Danach hätte dann das Parlament zehn Tage Zeit, um wiederum Obama zu überstimmen. Dazu wäre dann aber eine Zweidrittelmehrheit in Abgeordnetenhaus und Senat nötig. Dass diese zustande kommt, gilt derzeit als unwahrscheinlich. US-Außenminister John Kerry hat den Deal vor einigen Tagen vor dem Auswärtigen Ausschuss des Repräsentantenhauses verteidigt.
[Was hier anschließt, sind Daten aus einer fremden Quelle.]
(* Consider the single-queue bandit described in the context, with problem instance $(\lambda,\boldsymbol{\mu})$, $\boldsymbol\mu=(\mu_1,\dots,\mu_K)$. For every $\alpha\in(0,1)$ and every $\alpha$-consistent scheduling policy, the queue-regret satisfies $$\Psi(t)\ \ge\ \left(\frac{\lambda}{4}\,D(\boldsymbol{\mu})\,(1-\alpha)\,(K-1)\right)\frac{1}{t}$$ for infinitely many $t$, where $$D(\boldsymbol{\mu})=\frac{\Delta}{\mathrm{KL}\left(\mu_{\min},\frac{\mu^*+1}{2}\right)}.$$
   Context: Discrete-time queueing system with one queue and $K\ge 2$ servers indexed by $[K]=\{1,\dots,K\}$. Arrivals $A(t)\in\{0,1\}$ are i.i.d. Bernoulli($\lambda$) over time slots $t=1,2,\dots$; the service $R_k(t)\in\{0,1\}$ offered by server $k$ at time $t$ is Bernoulli($\mu_k$), independent across $k$, across $t$ and of the arrivals. Let $\mu^*=\max_k\mu_k$, attained at a unique server $k^*$, and assume $\lambda<\mu^*$. A scheduling policy chooses at each time $t$ a server $\kappa(t)\in[K]$ based only on past observations (the servers scheduled and the services they provided, and arrivals, up to time $t-1$) and possibly independent internal randomization; the service parameters are unknown to it. With $S(t)=R_{\kappa(t)}(t)$, the queue evolves as $Q(t)=(Q(t-1)+A(t)-S(t))^+$. The genie queue $Q^*(t)$ uses the same arrivals and always schedules $k^*$: $Q^*(t)=(Q^*(t-1)+A(t)-R_{k^*}(t))^+$. Both $Q(0)$ and $Q^*(0)$ are distributed according to the stationary distribution $\pi_{(\lambda,\mu^* )}$ of $Q^*$. The queue-regret is $\Psi(t)=\mathbb{E}[Q(t)-Q^*(t)]$. Notation: $\Delta=\mu^*-\max_{k\ne k^*}\mu_k$, $\mu_{\min}=\min_k\mu_k$, and $\mathrm{KL}(p,q)=p\log\frac pq+(1-p)\log\frac{1-p}{1-q}$ is the Bernoulli Kullback–Leibler divergence. A policy is $\alpha$-consistent ($\alpha\in(0,1)$) if for every problem instance $(\lambda,\boldsymbol\mu)$ of this type, $\mathbb{E}\left[\sum_{s=1}^t \mathbf 1\{\kappa(s)=k\}\right]=O(t^\alpha)$ as $t\to\infty$ for every $k\ne k^*$. *)

theory Defs
  imports "HOL-Probability.Probability" "HOL-Library.Landau_Symbols"
begin

(* Servers are indexed by {1..K}; a service-rate vector is mu :: nat => real. *)

type_synonym hist = "(nat \<times> bool \<times> bool) list"
  (* entry for slot s: (kappa(s), A(s), S(s)) = (server scheduled, arrival, service obtained) *)

(* A (behavioural) scheduling policy: given the observation history up to time t-1,
   a distribution over the server scheduled at time t. *)
type_synonym policy = "hist \<Rightarrow> nat pmf"

definition valid_policy :: "nat \<Rightarrow> policy \<Rightarrow> bool" where
  "valid_policy K pol \<longleftrightarrow> (\<forall>h. set_pmf (pol h) \<subseteq> {1..K})"

definition is_best :: "nat \<Rightarrow> (nat \<Rightarrow> real) \<Rightarrow> nat \<Rightarrow> bool" where
  "is_best K mu k \<longleftrightarrow> k \<in> {1..K} \<and> (\<forall>j\<in>{1..K}. j \<noteq> k \<longrightarrow> mu j < mu k)"

definition best :: "nat \<Rightarrow> (nat \<Rightarrow> real) \<Rightarrow> nat" where
  "best K mu = (THE k. is_best K mu k)"

definition qb_instance :: "nat \<Rightarrow> real \<Rightarrow> (nat \<Rightarrow> real) \<Rightarrow> bool" where
  "qb_instance K lam mu \<longleftrightarrow> 0 \<le> lam \<and> (\<forall>k\<in>{1..K}. 0 \<le> mu k \<and> mu k \<le> 1)
     \<and> (\<exists>k. is_best K mu k) \<and> lam < mu (best K mu)"

definition mu_star :: "nat \<Rightarrow> (nat \<Rightarrow> real) \<Rightarrow> real" where
  "mu_star K mu = mu (best K mu)"

definition gap :: "nat \<Rightarrow> (nat \<Rightarrow> real) \<Rightarrow> real" where
  "gap K mu = mu_star K mu - Max (mu ` ({1..K} - {best K mu}))"

definition mu_min :: "nat \<Rightarrow> (nat \<Rightarrow> real) \<Rightarrow> real" where
  "mu_min K mu = Min (mu ` {1..K})"

(* Bernoulli KL divergence, with the convention 0 log 0 = 0 (automatic in Isabelle since 0 * _ = 0) *)
definition bern_KL :: "real \<Rightarrow> real \<Rightarrow> real" where
  "bern_KL p q = p * ln (p / q) + (1 - p) * ln ((1 - p) / (1 - q))"

(* D(mu) = Delta / KL(mu_min, (mu^*+1)/2); when (mu^*+1)/2 = 1 the KL divergence is
   +infinity (mu_min < 1 there) and D = 0. *)
definition D_mu :: "nat \<Rightarrow> (nat \<Rightarrow> real) \<Rightarrow> real" where
  "D_mu K mu = (let q = (mu_star K mu + 1) / 2 in
     if q = 1 then 0 else gap K mu / bern_KL (mu_min K mu) q)"

definition queue_step :: "real \<Rightarrow> real \<Rightarrow> nat \<Rightarrow> nat pmf" where
  "queue_step lam m q =
     map_pmf (\<lambda>(a, r). nat (int q + of_bool a - of_bool r))
       (pair_pmf (bernoulli_pmf lam) (bernoulli_pmf m))"

definition stat_dist :: "real \<Rightarrow> real \<Rightarrow> nat pmf" where
  "stat_dist lam m = (THE p. bind_pmf p (queue_step lam m) = p)"

(* one slot of the coupled system: state = (history, Q, Q^* ) *)
definition sys_step :: "nat \<Rightarrow> real \<Rightarrow> (nat \<Rightarrow> real) \<Rightarrow> policy
     \<Rightarrow> hist \<times> nat \<times> nat \<Rightarrow> (hist \<times> nat \<times> nat) pmf" where
  "sys_step K lam mu pol st =
     (case st of (h, q, qs) \<Rightarrow>
       bind_pmf (bernoulli_pmf lam) (\<lambda>a.
       bind_pmf (Pi_pmf {1..K} False (\<lambda>k. bernoulli_pmf (mu k))) (\<lambda>R.
       bind_pmf (pol h) (\<lambda>\<kappa>.
         return_pmf (h @ [(\<kappa>, a, R \<kappa>)],
                     nat (int q + of_bool a - of_bool (R \<kappa>)),
                     nat (int qs + of_bool a - of_bool (R (best K mu))))))))"

primrec sys :: "nat \<Rightarrow> real \<Rightarrow> (nat \<Rightarrow> real) \<Rightarrow> policy \<Rightarrow> nat \<Rightarrow> (hist \<times> nat \<times> nat) pmf" where
  "sys K lam mu pol 0 = map_pmf (\<lambda>q. ([], q, q)) (stat_dist lam (mu_star K mu))"
| "sys K lam mu pol (Suc t) = bind_pmf (sys K lam mu pol t) (sys_step K lam mu pol)"

definition queue_regret :: "nat \<Rightarrow> real \<Rightarrow> (nat \<Rightarrow> real) \<Rightarrow> policy \<Rightarrow> nat \<Rightarrow> real" where
  "queue_regret K lam mu pol t =
     measure_pmf.expectation (sys K lam mu pol t) (\<lambda>(h, q, qs). real q - real qs)"

definition exp_pulls :: "nat \<Rightarrow> real \<Rightarrow> (nat \<Rightarrow> real) \<Rightarrow> policy \<Rightarrow> nat \<Rightarrow> nat \<Rightarrow> real" where
  "exp_pulls K lam mu pol k t =
     measure_pmf.expectation (sys K lam mu pol t)
       (\<lambda>(h, q, qs). real (length (filter (\<lambda>e. fst e = k) h)))"

definition alpha_consistent :: "nat \<Rightarrow> real \<Rightarrow> policy \<Rightarrow> bool" where
  "alpha_consistent K \<alpha> pol \<longleftrightarrow>
     (\<forall>lam mu. qb_instance K lam mu \<longrightarrow>
        (\<forall>k\<in>{1..K}. k \<noteq> best K mu \<longrightarrow>
           (\<lambda>t. exp_pulls K lam mu pol k t) \<in> O(\<lambda>t. real t powr \<alpha>)))"

end

theory Submission
  imports Defs "HOL-Real_Asymp.Real_Asymp"
begin

text \<open>Two estimates of the expected number of slots in which a suboptimal server is scheduled
  are played against each other. The genie queue is stochastically dominated by the queue of
  any policy, and the one-step drift of \<open>Q - Q\<^sup>*\<close> then shows that a slot in which a
  suboptimal server is scheduled with probability \<open>1 - p(s)\<close> raises the regret by at least
  \<open>lam * gap * (1 - p(s))\<close>. So if \<open>\<Psi>(t)\<close> stayed below the claimed bound from some time on,
  the expected number of suboptimal schedules up to \<open>t\<close> would be at most \<open>O(1) + c ln t\<close> with
  \<open>c = (1 - \<alpha>) (K - 1) / (4 KL)\<close>. On the other hand, boosting a suboptimal server \<open>k\<close> to rate
  \<open>(\<mu>\<^sup>* + 1) / 2\<close> makes it the best one; \<open>\<alpha>\<close>-consistency under both instances and a change of
  measure give \<open>KL(\<mu>\<^sub>k, (\<mu>\<^sup>* + 1) / 2) E[N\<^sub>k(t)] \<ge> (1 - \<alpha>) / 2 ln t - O(1)\<close>, and since the
  divergence only grows when \<open>\<mu>\<^sub>k\<close> is replaced by \<open>\<mu>\<^sub>m\<^sub>i\<^sub>n\<close>, summing over \<open>k\<close> yields twice the
  previous bound, a contradiction.\<close>

lemma integrable_measure_pmf_bounded:
  fixes f :: "'a \<Rightarrow> real"
  assumes "\<And>x. x \<in> set_pmf M \<Longrightarrow> \<bar>f x\<bar> \<le> B"
  shows "integrable (measure_pmf M) f"
  by (rule measure_pmf.integrable_const_bound[where B=B]) (auto simp: AE_measure_pmf_iff assms)

lemma integrable_measure_pmf_of_bool: "integrable (measure_pmf M) (\<lambda>x. of_bool (P x) :: real)"
  by (rule integrable_measure_pmf_bounded[where B=1]) auto

lemma expectation_of_bool_eq_prob:
  "measure_pmf.expectation M (\<lambda>x. of_bool (P x) :: real) = measure_pmf.prob M {x. P x}"
proof -
  have "(\<lambda>x. of_bool (P x) :: real) = indicator {x. P x}"
    by (auto simp: indicator_def)
  then show ?thesis by simp
qed

lemma expectation_finite_pmf:
  fixes f :: "'a \<Rightarrow> real"
  assumes "finite (set_pmf M)"
  shows "measure_pmf.expectation M f = (\<Sum>x\<in>set_pmf M. pmf M x * f x)"
  by (subst integral_measure_pmf_real[where A="set_pmf M"]) (auto simp: assms mult.commute)

lemma sum_pmf_mult_of_bool:
  assumes "finite (set_pmf M)"
  shows "(\<Sum>x\<in>set_pmf M. pmf M x * of_bool (x = y)) = pmf M y"
  using assms by (cases "y \<in> set_pmf M") (auto simp: set_pmf_iff)

text \<open>Boundedness is only assumed on the supports, which is why the function is first
  truncated.\<close>

lemma expectation_bind_pmf_bounded:
  fixes f :: "'b \<Rightarrow> real"
  assumes "\<And>x y. x \<in> set_pmf M \<Longrightarrow> y \<in> set_pmf (N x) \<Longrightarrow> \<bar>f y\<bar> \<le> B"
  shows "measure_pmf.expectation (bind_pmf M N) f =
         measure_pmf.expectation M (\<lambda>x. measure_pmf.expectation (N x) f)"
proof -
  define g where "g y = max (-B) (min B (f y))" for y
  have g_bounded: "\<bar>g y\<bar> \<le> \<bar>B\<bar>" for y
    unfolding g_def by auto
  have f_eq_g: "f y = g y" if "x \<in> set_pmf M" "y \<in> set_pmf (N x)" for x y
    using assms[OF that] by (simp add: g_def abs_le_iff)
  have "measure_pmf.expectation (bind_pmf M N) f = measure_pmf.expectation (bind_pmf M N) g"
    by (intro integral_cong_AE) (auto simp: AE_measure_pmf_iff intro: f_eq_g)
  also have "\<dots> = measure_pmf.expectation M (\<lambda>x. measure_pmf.expectation (N x) g)"
    unfolding measure_pmf_bind
    by (rule integral_bind[where K="count_space UNIV" and B="\<bar>B\<bar>" and B'=1])
       (auto simp: g_bounded measure_pmf_in_subprob_space measure_pmf.finite_measure_axioms
          measure_pmf.emeasure_space_1)
  also have "\<dots> = measure_pmf.expectation M (\<lambda>x. measure_pmf.expectation (N x) f)"
    by (intro integral_cong_AE) (auto simp: AE_measure_pmf_iff f_eq_g intro!: integral_cong_AE)
  finally show ?thesis .
qed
Kerry: “Wenn wir gehen, gehen wir allein. Unsere Partner werden nicht mit uns gehen. Sie werden aber die harten multilateralen Sanktionen aufgeben, die den Iran überhaupt an den Verhandlungstisch gebracht haben. Und wir hätten die beste Chance, dieses Problem auf friedlichem Wege zu lösen, vertan.”

Die Republikaner machen ihren Standpunkt immer wieder deutlich. Der Abgeordnete Ed Royce hat am 4. August die Resolution über die Ablehnung des Abkommens vorgelegt. Er sagte: “Wenn das Abkommen durchkommt, wäre das eine finanzielle Goldgrube für den Iran, er würde international aufgewertet werden und bekäme den Weg zur Atombombe klar aufgezeigt.”

Beide Seiten wollen aber auch die Bevölkerung auf ihre Seite ziehen. Ende Juli etwa versammelten sich Tausende Gegner auf dem Times Square. Sie warnten vor der iranischen Bombe und demonstrierten ihre Verbundenheit mit Israel. Der frühere republikanische Gouverneur des Bundesstaats New York, George Pataki, rief: “Dies ist kein schlechter Deal, dies ist ein furchtbarer Deal, er muss abgelehnt werden. Der Kongress muss seine Arbeit machen und sich für das amerikanische Volk einsetzen.”

Obama wiederum kann auf die Unterstützung einiger Hollywood-Stars wir Jack Black oder Morgan Freeman setzen. Sie haben ein Video aufgenommen, das vergangene Woche von der Anti-Atomkraftorganisation global zero im Internet veröffentlicht wurde.